信じる

 『Web英語青年』の連載「21世紀の生のためのキーワード」、最終回です。お題は「信じる」。共著者なので、内容については申し上げません。

 足かけ2年間リレー連載を続けたわけですが、その二年間のちょうど真ん中は「3.11」で分断されています。いや、それを分断と呼んでしまうかどうかということ自体がひとつの難問ですが、というのも今思うと書くべき事は変わらなかったからです。いや、読んでみれば明らかな分断というか切れ目があるかもしれませんが、むしろ「3.11」後にこそ「3.11以前」が、私たちがいったいどのような世界に生きてきたのかがよく分かるようになった(ゆえに、「分からない」ということもよく分かるようになった)部分があるのではないかと思います。
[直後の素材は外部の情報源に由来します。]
lemma hazard_mono:
  assumes "0 \<le> s" "s \<le> s'" "s' \<le> r"
  shows "hazard b r s \<le> hazard b r s'"
  using assms by (simp add: hazard_eq_cum_rate cum_rate_mono)

lemma hazard_le_cum_rate: "0 \<le> s \<Longrightarrow> s \<le> r \<Longrightarrow> hazard b r s \<le> G r"
  using cum_rate_nonneg[of "r - s"] by (simp add: hazard_eq_cum_rate)

lemma jump_descent_eq:
  assumes "0 \<le> r" "e \<le> G r"
  shows "jump_descent b e r = Inf {s\<in>{0..r}. e \<le> hazard b r s}"
  using assms unfolding jump_descent_def by simp

lemma
  assumes "0 \<le> r" "e \<le> G r"
  shows level_mem_jump_descent_set: "r \<in> {s\<in>{0..r}. e \<le> hazard b r s}"
    and jump_descent_set_bdd: "bdd_below {s\<in>{0..r}. e \<le> hazard b r s}"
  using assms by (auto simp: hazard_full intro: bdd_belowI[of _ 0])

lemma jump_descent_nonneg: "0 \<le> jump_descent b e r"
proof (cases "r < 0 \<or> G r < e")
  case False
  then show ?thesis using level_mem_jump_descent_set[of r e]
    by (auto simp: jump_descent_eq intro: cInf_greatest)
qed (simp add: jump_descent_def)

lemma jump_descent_le_level: "jump_descent b e r \<le> max 0 r"
proof (cases "r < 0 \<or> G r < e")
  case False
  then have "jump_descent b e r \<le> r"
    using level_mem_jump_descent_set[of r e] jump_descent_set_bdd[of r e]
    by (simp add: jump_descent_eq cInf_lower)
  then show ?thesis by simp
qed (simp add: jump_descent_def)

lemma jump_descent_le:
  assumes "0 \<le> s" "s \<le> r" "e \<le> hazard b r s"
  shows "jump_descent b e r \<le> s"
proof -
  have "e \<le> G r" using assms hazard_le_cum_rate[of s r] by simp
  then show ?thesis using assms jump_descent_set_bdd[of r e]
    by (simp add: jump_descent_eq cInf_lower)
qed

lemma hazard_less_before_jump:
  assumes "0 \<le> s" "s < jump_descent b e r"
  shows "hazard b r s < e"
proof (rule ccontr)
  assume "\<not> hazard b r s < e"
  moreover have "s \<le> r" using assms jump_descent_le_level[of e r] by linarith
  ultimately have "jump_descent b e r \<le> s" using assms(1) by (intro jump_descent_le) auto
  then show False using assms by simp
qed
(* Let $1\le m\le d$ and $\nu>0$. Let $\mathcal U(\nu)$ be the uniform distribution on the sphere $\{x\in\mathbb{R}^d:\|x\|_2=\nu\}$ and $\mathcal P$ the uniform distribution over rank-$m$ orthogonal projection matrices on $\mathbb{R}^d$. Then, with the infimum over all (possibly randomized) measurable estimators $T$, $$\inf_T\sup_{x:\|x\|_2=\nu}\mathbb E_{\Pi\sim\mathcal P}\|T(\Pi,\Pi x)-x\|_2^2\ \ge\ \inf_T\mathbb E_{x\sim\mathcal U(\nu)}\mathbb E_{\Pi\sim\mathcal P}\|T(\Pi,\Pi x)-x\|_2^2\ \ge\ \nu^2\Big(1-\frac md\Big).$$
   Context: The uniform distribution over rank-$m$ orthogonal projections is that of the orthogonal projection onto a Haar-uniform random $m$-dimensional subspace, independent of $x$; expectations also include any internal randomness of $T$. *)

theory Defs
  imports "HOL-Analysis.Analysis" "HOL-Probability.Probability"
begin

definition rank_proj :: "nat \<Rightarrow> (real^'n^'n) set" where
  "rank_proj m = {A. transpose A = A \<and> A ** A = A \<and> rank A = m}"

text \<open>Uniform (rotation-invariant) probability distribution on the sphere of radius nu.
  By uniqueness of the invariant probability measure on the sphere this is exactly the
  normalised surface measure.\<close>
definition uniform_sphere_measure :: "real \<Rightarrow> (real^'n) measure \<Rightarrow> bool" where
  "uniform_sphere_measure \<nu> U \<longleftrightarrow>
     prob_space U \<and> sets U = sets borel \<and> emeasure U (sphere 0 \<nu>) = 1 \<and>
     (\<forall>Q::real^'n^'n. orthogonal_matrix Q \<longrightarrow> distr U borel (\<lambda>x. Q *v x) = U)"

text \<open>Uniform (Haar) distribution over rank-m orthogonal projections: a probability measure
  concentrated on rank-m projections, invariant under conjugation by orthogonal matrices
  (the unique O(d)-invariant probability measure on the Grassmannian).\<close>
definition uniform_proj_measure :: "nat \<Rightarrow> (real^'n^'n) measure \<Rightarrow> bool" where
  "uniform_proj_measure m P \<longleftrightarrow>
     prob_space P \<and> sets P = sets borel \<and> emeasure P (rank_proj m) = 1 \<and>
     (\<forall>Q::real^'n^'n. orthogonal_matrix Q \<longrightarrow>
        distr P borel (\<lambda>A. Q ** A ** transpose Q) = P)"

text \<open>Randomized measurable estimators using internal randomness r drawn from R
  (independent of x and Pi): T r Pi y is the estimate from (Pi, y).\<close>
definition estimators :: "'r measure \<Rightarrow>
    ('r \<Rightarrow> real^'n^'n \<Rightarrow> real^'n \<Rightarrow> real^'n) set" where
  "estimators R = {T. (\<lambda>(r, A, y). T r A y) \<in>
       borel_measurable (R \<Otimes>\<^sub>M (borel \<Otimes>\<^sub>M borel))}"

definition risk :: "'r measure \<Rightarrow> (real^'n^'n) measure \<Rightarrow>
    ('r \<Rightarrow> real^'n^'n \<Rightarrow> real^'n \<Rightarrow> real^'n) \<Rightarrow> real^'n \<Rightarrow> ennreal" where
  "risk R P T x = (\<integral>\<^sup>+ A. (\<integral>\<^sup>+ r. ennreal ((norm (T r A (A *v x) - x))\<^sup>2) \<partial>R) \<partial>P)"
 この連載は、「英米文学研究」をする私たちの使う、というよりむしろ、それのみを使って仕事をしている「ことば」というものをどうやって更新するか、副題にある「新しい批評のことば」をどうやって編み出すかという試行錯誤でした。その結果、内容が個々の「ことば」をめぐるものであると同時に、それを語る「ことば」そのものを作り出す試みとなりました。その点、今使った「更新」「新しい」というのはふさわしくない言葉かもしれません。「用語」ではなく「ことば」を、というのがひとつのキャッチフレーズでしたが、それが意味するのは、新しい用語をひねり出したり解説したりすることではなく、「すでに言われたこと」「すでに為されたこと」を繰り返すのをいとわないことだからです。

 などと感慨にひたっている場合ではなく、積み残した仕事はたくさんあります。連載の経験ゆえに明らかになったやるべき仕事は膨大であると感じています。ですがとりあえずは寄稿してくださったみなさんとお読みくださったみなさんに、またこんな企画を通しておつきあいくださった研究社のHさんに、感謝の意を(勝手に代表してますが)表したいと思います。